Option writing is a strategy that can seem easy. Don’t be fooled or become over confident. Putting the odds in your favor — which is what you are doing when writing options — does not protect from the spikes in volatility that often wipe out even experienced option writers. For beginning traders, the first step is to not fail. Avoiding  mistakes will keep you in the game as you hone your option selling skills and learn the intricacies of the markets you trade. It will take you a long way toward becoming an effective option seller for years to come.

17 thoughts on “Option Writing – Unlimited risk and Limited profit potential

  1. jamwalr

    Selling OTM calls with delta between 0.8-0.1 makes sense. Near expiry slightly OTM calls with delta around 0.3 also makes sense..I avoid naked put writing….Prefer strangles shorting one day before any event to capture enhanced volatility(Vega).

    But OPTIONS are still the safest and greatest way of making consistent wealth…My probabality of sucess is 2/3 from day one unlike option buying where the probability is just 1/3


    Since premium is made up of Intrinsic value & time value, as the price of underlying security increases premium also increases. But as the days go by and expiry comes near, the time value decreases. This decrease in time value is not uniform every day and its velocity of decrease increases as the expiry comes near. As long as the increase in Intrinsic value is more than the decrease in time value, premium increases. When it is other way, premium goes down. It is said that after 15 days of the contract period (not 15th of every month) that time value starts declining rapidly. Hence one should not buy an option when expiry is near, at the most one can sell option during such time. Let us wait for Bramesh Sir to give us a deeper knowledge on The Greeks to understand how various factors affect the premium. Bramesh Sirjee, I am eagerly awaiting your article on The Greeks.


    GREED, DISCIPLINE, OVER CONFIDENCE & AT ALL TIMES are the apt terms used by Nat EI …….. Great


    When you sell 8000CE @ 130 your BEP is 8130 Since you have sold CE, it means that you are bearish in view and you will gain when NIFTY expires below 8130 So when NIFTY expires at 8000, you gain 130*75=9750 and when it expires at 8300 you lose 170*75=12750 Gain in case of sale of any option is always restricted to the anount of premium collected by you. Hope I am clear.

  5. Nat El

    Assuming a trader knows technical reading, then the only reason why he/she fails is GREED. “Discipline” is too mild a term to express your state of mind when trading in stocks. Over confidence soon overtakes after a couple of winning trades. Traders would have to remember AT ALL TIMES while trading…..Market will take back what it may have given you; even your capital!
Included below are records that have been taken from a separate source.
(* Let $\mathcal A$ be a finite non-associative algebra. Then $\mathcal A$ has a qualitative representation if and only if there is a consistent atomic network $(N,\lambda)$ over $\mathcal A$ such that for every triple of atoms $(a,b,c)$ of $\mathcal A$ with $a;b\ge c$ there are nodes $x,y,z\in N$ with $\lambda(x,y)=a$, $\lambda(y,z)=b$ and $\lambda(x,z)=c$.
   Context: A non-associative algebra is an algebra $(A,0,1,+,-,1',\breve{\ },;)$ such that $(A,0,1,+,-)$ is a boolean algebra (with $x\cdot y=-(-x+-y)$ and $x\le y\iff x+y=y$); $1';x=x=x;1'$, $\breve{\breve x}=x$, $(x;y)\breve{}=\breve y;\breve x$; $\breve 0=x;0=0$, $(x+y)\breve{}=\breve x+\breve y$, $x;(y+z)=x;y+x;z$; and the Peircean law holds: $x;y\cdot\breve z=0$ iff $y;z\cdot\breve x=0$. An atom is a minimal nonzero element. A qualitative representation of $\mathcal A$ over base $D$ is an injective map $\phi:A\to\wp(D\times D)$ such that $0^\phi=\varnothing$, $1^\phi=D\times D$, $(1')^\phi=\{(x,x):x\in D\}$, $(a+b)^\phi=a^\phi\cup b^\phi$, $(-a)^\phi=(D\times D)\setminus a^\phi$, $(\breve a)^\phi=\{(y,x):(x,y)\in a^\phi\}$, and for all $a,b,c\in A$: $c^\phi\supseteq a^\phi\circ b^\phi\iff c\ge a;b$ (where $r\circ s$ is relational composition). A network over $\mathcal A$ is a pair $(N,\lambda)$ with $N$ a finite set and $\lambda:N\times N\to A$. It is consistent if for all $x,y,z\in N$: $\lambda(x,x)\le 1'$; $\lambda(x,y);\lambda(y,z)\cdot\lambda(x,z)\ne 0$; $\lambda(x,y)\cdot\lambda(y,x)\breve{}\ne0$; $\lambda(x,y)\ne 0$. It is atomic if every $\lambda(x,y)$ is an atom. *)

theory Defs
  imports Main
begin

text \<open>A non-associative algebra (A,0,1,+,-,1',converse,;) on the type 'a (carrier = UNIV).\<close>

record 'a nalg =
  nbot  :: 'a
  ntop  :: 'a
  njoin :: "'a \<Rightarrow> 'a \<Rightarrow> 'a"
  ncompl :: "'a \<Rightarrow> 'a"
  nid   :: 'a
  nconv :: "'a \<Rightarrow> 'a"
  ncomp :: "'a \<Rightarrow> 'a \<Rightarrow> 'a"

definition nmeet :: "'a nalg \<Rightarrow> 'a \<Rightarrow> 'a \<Rightarrow> 'a" where
  "nmeet A x y = ncompl A (njoin A (ncompl A x) (ncompl A y))"

definition nle :: "'a nalg \<Rightarrow> 'a \<Rightarrow> 'a \<Rightarrow> bool" where
  "nle A x y \<longleftrightarrow> njoin A x y = y"

definition boolean_algebra_axioms :: "'a nalg \<Rightarrow> bool" where
  "boolean_algebra_axioms A \<longleftrightarrow>
     (\<forall>x y z. njoin A x (njoin A y z) = njoin A (njoin A x y) z) \<and>
     (\<forall>x y z. nmeet A x (nmeet A y z) = nmeet A (nmeet A x y) z) \<and>
     (\<forall>x y. njoin A x y = njoin A y x) \<and>
     (\<forall>x y. nmeet A x y = nmeet A y x) \<and>
     (\<forall>x y. njoin A x (nmeet A x y) = x) \<and>
     (\<forall>x y. nmeet A x (njoin A x y) = x) \<and>
     (\<forall>x y z. nmeet A x (njoin A y z) = njoin A (nmeet A x y) (nmeet A x z)) \<and>
     (\<forall>x. njoin A x (nbot A) = x) \<and>
     (\<forall>x. nmeet A x (ntop A) = x) \<and>
     (\<forall>x. njoin A x (ncompl A x) = ntop A) \<and>
     (\<forall>x. nmeet A x (ncompl A x) = nbot A)"

definition nonassoc_algebra :: "'a nalg \<Rightarrow> bool" where
  "nonassoc_algebra A \<longleftrightarrow>
     boolean_algebra_axioms A \<and>
     (\<forall>x. ncomp A (nid A) x = x \<and> ncomp A x (nid A) = x) \<and>
     (\<forall>x. nconv A (nconv A x) = x) \<and>
     (\<forall>x y. nconv A (ncomp A x y) = ncomp A (nconv A y) (nconv A x)) \<and>
     nconv A (nbot A) = nbot A \<and>
     (\<forall>x. ncomp A x (nbot A) = nbot A) \<and>
     (\<forall>x y. nconv A (njoin A x y) = njoin A (nconv A x) (nconv A y)) \<and>
     (\<forall>x y z. ncomp A x (njoin A y z) = njoin A (ncomp A x y) (ncomp A x z)) \<and>
     (\<forall>x y z. nmeet A (ncomp A x y) (nconv A z) = nbot A
               \<longleftrightarrow> nmeet A (ncomp A y z) (nconv A x) = nbot A)"

definition is_atom :: "'a nalg \<Rightarrow> 'a \<Rightarrow> bool" where
  "is_atom A a \<longleftrightarrow> a \<noteq> nbot A \<and> (\<forall>y. nle A y a \<longrightarrow> y = nbot A \<or> y = a)"

definition qualitative_rep :: "'a nalg \<Rightarrow> 'b set \<Rightarrow> ('a \<Rightarrow> ('b \<times> 'b) set) \<Rightarrow> bool" where
  "qualitative_rep A D \<phi> \<longleftrightarrow>
     inj \<phi> \<and>
     \<phi> (nbot A) = {} \<and>
     \<phi> (ntop A) = D \<times> D \<and>
     \<phi> (nid A) = {(x, x) | x. x \<in> D} \<and>
     (\<forall>a b. \<phi> (njoin A a b) = \<phi> a \<union> \<phi> b) \<and>
     (\<forall>a. \<phi> (ncompl A a) = (D \<times> D) - \<phi> a) \<and>
     (\<forall>a. \<phi> (nconv A a) = {(y, x). (x, y) \<in> \<phi> a}) \<and>
     (\<forall>a b c. \<phi> a O \<phi> b \<subseteq> \<phi> c \<longleftrightarrow> nle A (ncomp A a b) c)"

definition consistent_network :: "'a nalg \<Rightarrow> 'n set \<Rightarrow> ('n \<Rightarrow> 'n \<Rightarrow> 'a) \<Rightarrow> bool" where
  "consistent_network A N L \<longleftrightarrow>
     (\<forall>x\<in>N. nle A (L x x) (nid A)) \<and>
     (\<forall>x\<in>N. \<forall>y\<in>N. \<forall>z\<in>N. nmeet A (ncomp A (L x y) (L y z)) (L x z) \<noteq> nbot A) \<and>
     (\<forall>x\<in>N. \<forall>y\<in>N. nmeet A (L x y) (nconv A (L y x)) \<noteq> nbot A) \<and>
     (\<forall>x\<in>N. \<forall>y\<in>N. L x y \<noteq> nbot A)"

definition atomic_network :: "'a nalg \<Rightarrow> 'n set \<Rightarrow> ('n \<Rightarrow> 'n \<Rightarrow> 'a) \<Rightarrow> bool" where
  "atomic_network A N L \<longleftrightarrow> (\<forall>x\<in>N. \<forall>y\<in>N. is_atom A (L x y))"

end

theory Submission
  imports Defs
begin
    As Aditya has written, one needs to learn from mistakes.
    regards to all

  6. Aditya

    Problem when you don’t learn from mistake but if you correct yourself after every mistake then no one can stop you to become successful….keep learning ….Best of luck dear

  7. pratik

    which is probable date after which option premium start declining ? its around 15 th of every month

  8. Ajay

    ajay..no one will give 100% correct calls.. the problem is we trade with out analysing ..we depend on advisers ..its our problem..and main thing ppl who wanna make quick bucks will lose capital but nothing …stock markets will give money if u have enough money to trade and have patience and disciplined trading..its waste of time scolding advisers and concentrating on our own methods..if you r an investor go with fundamentals buy on lows and wait till it gives good profit..if u r trader go with trend and trade nifty100 scrips so u can gain easily …

  9. Ajay

    Dear Sir,
    There are many advisory service providers in the market offering 99% accurate calls.Last Year I subscribed one scheme which helped me to wipe out all capital and through me out of the market for nearly 3 months.Now a days I follow only some good blogs which helped me to prevent my capital and give some reasonable profit.
    The main problem with the advisory service is that the market is turn out there 99% into a mere 1`%.This is written in this blog for the people to prevent from being a pray of so called advisory Gurus.